# Is the Burmuda Triangle a SciFi concept?



## Dean (Jan 19, 2006)

I have long been interested in the mystery of the Burmuda Triangle, A place where ships and planes disappear in a most startlingly unusual sort of way. I dont know if this is all just poppycock or if something is really going on there. As is usual in the Science Fiction genre, fiction imitates life. I have seen numerous films and documentaries on the triangle and I often wonder if this is real, or, are there genuine explainable answers to why these media enhanced disapperances happen?  So does that make the burmuda triangle a viable SF concept?  It seems to happen in a pattern, like the late 70's  VonDanikens "The Chariots of the Gods?"  and in the late 90's there were a spate of UFO sightings...In Mexico (!) Is there a pattern? could there be a really new twist on the way these "supernatural" things seem to happen cyclically?  I am new to this forum, and I hope this is energetic virginal thought, but I also hope to open a discussion of these events. Are we so sick (periodically) of the real world that on occaision we all tend to look toward the extreme, and find ourselves with our compasses spining in a greenish fog? Information on the triangle seems cyclic, and further it seems boarderline, just beleivable enough to make us curious, and just far fetched enough to make us skeptical, Do you get a " funny feeling " when you read or view information on the Devils Triangle?  I will do my best to feild the samples over the next few weaks to see what you have to say about it.


----------



## dreamwalker (Jan 19, 2006)

Wow, never seen so many questions in one post!
I used to be really captivated with stories of the Triagnle, I think it's the mystery of what happened in those peoples last few moments, and the fact that we'll never actually know.
The thing about the Burmuda Triagnle that grabs so many peoples imagination is that it's a defined area in which (sea and air) "unexplained" phenomina has occured (with witnessnes) and well documented disapearances have happened over recorded history.

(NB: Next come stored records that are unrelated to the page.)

(* Let $X$ be an alphabet, $L\subseteq X^*$, and let $I=Y_0^*\{x_1,\varepsilon\}Y_1^*\cdots\{x_n,\varepsilon\}Y_n^*$ with $Y_0,\dots,Y_n\subseteq X$ and $x_1,\dots,x_n\in X$. Let $m\ge N(L)+1$. Then the following are equivalent: (1) $I\subseteq \downarrow L$; (2) for every $m'\ge N(L)+1$, the word $w_{Y_0}^{m'}x_1w_{Y_1}^{m'}\cdots x_nw_{Y_n}^{m'}$ belongs to $\downarrow L$; (3) the word $w_{Y_0}^{m}x_1w_{Y_1}^{m}\cdots x_nw_{Y_n}^{m}$ belongs to $\downarrow L$.
   Context: $u\preceq v$ denotes the subword ordering on $X^*$ and $\downarrow L=\{u\mid\exists v\in L: u\preceq v\}$. An ideal expression is a finite product of factors, each of the form $Y^*$ with $Y\subseteq X$ (possibly empty, $\emptyset^*=\{\varepsilon\}$) or $\{x,\varepsilon\}$ with $x\in X$; the set it denotes is an ideal, and the length of the expression is its number of factors. Every downward closed language is a finite union of ideals. $N(L)$ denotes the least number $N$ such that $\downarrow L$ is a finite union of ideals each given by an expression of length at most $N$. For $Y\subseteq X$, $w_Y$ denotes a fixed word containing every letter of $Y$ exactly once and no other letters ($w_\emptyset=\varepsilon$). *)

theory Defs
  imports Main "HOL-Library.Sublist"
begin

text \<open>Subword ordering is the library's subsequence relation subseq (scattered subword).\<close>

definition downclosure :: "'a list set \<Rightarrow> 'a list set" where
  "downclosure L = {u. \<exists>v\<in>L. subseq u v}"

datatype 'a factor = Star "'a set" | Opt 'a

fun factor_lang :: "'a factor \<Rightarrow> 'a list set" where
  "factor_lang (Star Y) = lists Y"
| "factor_lang (Opt x) = {[x], []}"

definition conc :: "'a list set \<Rightarrow> 'a list set \<Rightarrow> 'a list set" where
  "conc A B = {u @ v | u v. u \<in> A \<and> v \<in> B}"

fun expr_lang :: "'a factor list \<Rightarrow> 'a list set" where
  "expr_lang [] = {[]}"
| "expr_lang (f # fs) = conc (factor_lang f) (expr_lang fs)"

fun factor_over :: "'a set \<Rightarrow> 'a factor \<Rightarrow> bool" where
  "factor_over X (Star Y) = (Y \<subseteq> X)"
| "factor_over X (Opt x) = (x \<in> X)"

definition expr_over :: "'a set \<Rightarrow> 'a factor list \<Rightarrow> bool" where
  "expr_over X e = (\<forall>f\<in>set e. factor_over X f)"

definition N_of :: "'a set \<Rightarrow> 'a list set \<Rightarrow> nat" where
  "N_of X L = (LEAST N. \<exists>E. finite E \<and> (\<forall>e\<in>E. expr_over X e \<and> length e \<le> N)
                 \<and> downclosure L = (\<Union>e\<in>E. expr_lang e))"

fun ideal_expr :: "(nat \<Rightarrow> 'a set) \<Rightarrow> (nat \<Rightarrow> 'a) \<Rightarrow> nat \<Rightarrow> 'a factor list" where
  "ideal_expr Y x 0 = [Star (Y 0)]"
| "ideal_expr Y x (Suc n) = ideal_expr Y x n @ [Opt (x (Suc n)), Star (Y (Suc n))]"

definition lpow :: "'a list \<Rightarrow> nat \<Rightarrow> 'a list" where
  "lpow u m = concat (replicate m u)"

fun test_word :: "('a set \<Rightarrow> 'a list) \<Rightarrow> (nat \<Rightarrow> 'a set) \<Rightarrow> (nat \<Rightarrow> 'a) \<Rightarrow> nat \<Rightarrow> nat \<Rightarrow> 'a list" where
  "test_word w Y x m 0 = lpow (w (Y 0)) m"
| "test_word w Y x m (Suc n) = test_word w Y x m n @ [x (Suc n)] @ lpow (w (Y (Suc n))) m"

end

theory Submission
  imports Defs "HOL-Library.Infinite_Set"
begin

text \<open>The test words lie in I, so (1) implies (2) implies (3). For the converse, \<down>L is a finite
  union of ideals of length at most N(L): by Higman's lemma the complement of \<down>L is the upward
  closure of finitely many minimal words, and the words avoiding finitely many subwords form a
  finite union of ideals. The test word w_{Y_0}^m x_1 ... w_{Y_n}^m then lies in one of these
  ideals J, which has fewer than m factors. Hence in each block w_{Y_i}^m some copy of w_{Y_i}
  is read inside a single factor Z^* of J, so Y_i \<subseteq> Z and the block can be replaced by any
  word over Y_i. Thus J contains every word of I.\<close>

section \<open>Higman's lemma\<close>

definition bad_seq :: "(nat \<Rightarrow> 'a list) \<Rightarrow> bool" where
  "bad_seq f \<longleftrightarrow> (\<forall>i j. i < j \<longrightarrow> \<not> subseq (f i) (f j))"

definition bad_prefix :: "'a set \<Rightarrow> 'a list list \<Rightarrow> bool" where
  "bad_prefix X p \<longleftrightarrow> (\<exists>f. bad_seq f \<and> (\<forall>i. f i \<in> lists X) \<and> (\<forall>i<length p. f i = p ! i))"

definition min_next :: "'a set \<Rightarrow> 'a list list \<Rightarrow> 'a list" where
  "min_next X p = arg_min length (\<lambda>w. bad_prefix X (p @ [w]))"

primrec min_bad_prefix :: "'a set \<Rightarrow> nat \<Rightarrow> 'a list list" where
  "min_bad_prefix X 0 = []"
| "min_bad_prefix X (Suc n) = min_bad_prefix X n @ [min_next X (min_bad_prefix X n)]"

lemma bad_prefix_snoc:
  assumes "bad_seq f" "\<forall>i. f i \<in> lists X" "\<forall>i<length p. f i = p ! i"
  shows "bad_prefix X (p @ [f (length p)])"
  unfolding bad_prefix_def using assms by (auto simp: nth_append less_Suc_eq)

lemma min_next_le:
  assumes "bad_seq f" "\<forall>i. f i \<in> lists X" "\<forall>i<length p. f i = p ! i"
  shows "length (min_next X p) \<le> length (f (length p))"
  unfolding min_next_def by (rule arg_min_nat_le) (rule bad_prefix_snoc[OF assms])

lemma bad_prefix_min_next:
  assumes "bad_prefix X p"
  shows "bad_prefix X (p @ [min_next X p])"
proof -
  obtain f where "bad_seq f" "\<forall>i. f i \<in> lists X" "\<forall>i<length p. f i = p ! i"
    using assms unfolding bad_prefix_def by blast
  then have "bad_prefix X (p @ [f (length p)])" by (rule bad_prefix_snoc)
  then show ?thesis unfolding min_next_def by (rule arg_min_natI)
qed

lemma length_min_bad_prefix [simp]: "length (min_bad_prefix X n) = n"
  by (induct n) auto

lemma nth_min_bad_prefix: "i < n \<Longrightarrow> min_bad_prefix X n ! i = min_next X (min_bad_prefix X i)"
  by (induct n) (auto simp: nth_append less_Suc_eq)

lemma minimal_bad_seq:
  assumes "bad_seq f" "\<forall>i. f i \<in> lists X"
  obtains m where "bad_seq m" "\<forall>i. m i \<in> lists X"
    "\<And>g n. bad_seq g \<Longrightarrow> \<forall>i. g i \<in> lists X \<Longrightarrow> \<forall>i<n. g i = m i \<Longrightarrow> length (m n) \<le> length (g n)"
proof
  define m where "m i = min_next X (min_bad_prefix X i)" for i
  have prefix_m: "min_bad_prefix X n ! i = m i" if "i < n" for i n
    using that unfolding m_def by (rule nth_min_bad_prefix)
  have prefix_bad: "bad_prefix X (min_bad_prefix X n)" for n
  proof (induct n)
    case 0 show ?case using assms unfolding bad_prefix_def by auto
  next
    case (Suc n) then show ?case using bad_prefix_min_next by simp
  qed
  have agree: "\<exists>g. bad_seq g \<and> (\<forall>i. g i \<in> lists X) \<and> (\<forall>i\<le>n. g i = m i)" for n
  proof -
    obtain g where "bad_seq g" "\<forall>i. g i \<in> lists X" "\<forall>i<Suc n. g i = min_bad_prefix X (Suc n) ! i"
      using prefix_bad[of "Suc n"] unfolding bad_prefix_def by auto
    then show ?thesis using prefix_m[of _ "Suc n"] by (metis less_Suc_eq_le)
  qed
  show "\<forall>i. m i \<in> lists X"
  proof
    fix i show "m i \<in> lists X" using agree[of i] by (metis order_refl)
  qed
  show "bad_seq m" unfolding bad_seq_def
  proof (intro allI impI)
    fix i j :: nat assume "i < j"
    obtain g where "bad_seq g" "\<forall>k\<le>j. g k = m k" using agree by blast
    then show "\<not> subseq (m i) (m j)" using \<open>i < j\<close> unfolding bad_seq_def by (metis less_imp_le order_refl)
  qed
  fix g n assume "bad_seq g" "\<forall>i. g i \<in> lists X" "\<forall>i<n. g i = m i"
  then have "length (min_next X (min_bad_prefix X n)) \<le> length (g n)"
    using min_next_le[of g X "min_bad_prefix X n"] prefix_m by simp
  then show "length (m n) \<le> length (g n)" unfolding m_def .
qed

lemma bad_seq_graft_tails:
  assumes "bad_seq m" "strict_mono \<phi>" "\<And>i. m (\<phi> i) = a # t i"
  shows "bad_seq (\<lambda>i. if i < \<phi> 0 then m i else t (i - \<phi> 0))"
  unfolding bad_seq_def
proof (intro allI impI)
  fix i j :: nat assume "i < j"
  consider "j < \<phi> 0" | "i < \<phi> 0" "\<phi> 0 \<le> j" | "\<phi> 0 \<le> i" by linarith
  then show "\<not> subseq (if i < \<phi> 0 then m i else t (i - \<phi> 0)) (if j < \<phi> 0 then m j else t (j - \<phi> 0))"
  proof cases
    case 1
    then show ?thesis using \<open>i < j\<close> assms(1) unfolding bad_seq_def by auto
  next
    case 2
    have "i < \<phi> (j - \<phi> 0)" using 2 strict_mono_less_eq[OF assms(2), of 0 "j - \<phi> 0"] by simp
    then have "\<not> subseq (m i) (a # t (j - \<phi> 0))" using assms(1,3) unfolding bad_seq_def by metis
    then show ?thesis using 2 by (auto dest: list_emb_Cons)
  next
    case 3
    have "\<phi> (i - \<phi> 0) < \<phi> (j - \<phi> 0)" using 3 \<open>i < j\<close> assms(2) by (simp add: strict_mono_less)
    then have "\<not> subseq (a # t (i - \<phi> 0)) (a # t (j - \<phi> 0))"
      using assms(1,3) unfolding bad_seq_def by metis
    then show ?thesis using 3 \<open>i < j\<close> by auto
  qed
qed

I'll be happy for you to give me some facts etc! most of my knowledge on the subject is pretty hazy as it was mainly in childhood I used to think about such things.


----------



## kyektulu (Jan 19, 2006)

*I am always up for a good paranormal story, it would be most dissopointing if everything in our world can be rationally explained by science.
Like you I have seen many mystery programs on the burmuda triangle and it does seem like there is a startaling high number of disserpearences within the triangle.
However it might just be co-incidental, you know how many conspiricy theories there are out there, and the public thirst for them is not waning only expanding. 
 It seems as long as the word 'unexplained' is attached to these things the media jumps on the band wagon.
To be honest I do hope that this will stay a mystery, its nice to know about these occurences and be that little bit apprehensive if I ever fly through the burmuda triangle.*


----------



## Rane Longfox (Jan 19, 2006)

My grandmother's first husband was flying the Startiger, a BSAA plane, when it dissapeared in the area of the Bermuda Triangle... no details are really known though.


----------



## hermi-nomi (Jan 19, 2006)

The way I understand the mysteries of the Bermuda triangle is that various objects disappear with-in a particular area. Given that I am correct in this, I'll go on to say that I believe a reason for this will be found one day, and as much as I would like that reason to be an X-filesy 'there's an alien spacecraft grounded in the ocean', I think there will be a far more scientific reason such as a magnetism thing. You know, opposites attract ... so there's like different sorts of minerals in the coral that pull in opposite directions, causing a vortex type thing, and anything that gets pulled into the vortex disappears only to reappear once it's travelled so far as not to be affected by the vortex ...
Go on, discredit me ... I'm sure this theory has already been proposed somewhere


----------



## Dean (Jan 19, 2006)

Absolutely Fantastic! Thanks to all for the enthusiasm, and an actual report by the relative of one of the souls lost there, Please dont mistake my excitement as morbid. I had considered Magnetism as well, There are many hypothesis for what truly happens there, why there never seems to be any wreakage, and as frequently a mystery surrounding each disappearance. I feel hopeful that one day all will be revealled. I have to fall back on "hitchhiker"  "_Dont Panic"_  (in very friendly letters.) It is my experience that many times a mystery is only that until someone see's through it to an explanation. Perhaps there is an interdimensional nexus of some kind located in there somewhere, and people, ships or planes get "oopsed" into it, and if they are then aware of the backdoor to "Heaven" or an "intergalactic filling station", well "God,or Aliens, or ?" cant send them back here with the knowledge so he sets them up in a "like new" dimension untill all IS revealled. I am an optimist, I like to think there is a benevolent solution to it all. That is the "What If" and thats the bottom line of it being a Viable subject for discussion by Sci-Fi fans, we have a slightly imaginative side of being sceintists, we might come up with an explanation. Thanks for all the fish!


----------



## Robert M. Blevins (Jan 25, 2006)

Bermuda Triangle? 
Guess what, the Bermuda Triangle is a *very distant* second to another place on Earth where people and airplanes go missing in *much greater numbers:*

*Alaska.*
Yes, that's right. *Alaska*, and the general area surrounding the state has sucked up planes and people by the thousands, most of them without a trace. No ships, though. But, if you are comparing numbers about unsolved disappearances, Alaska wins out over Bermuda Triangle hands down...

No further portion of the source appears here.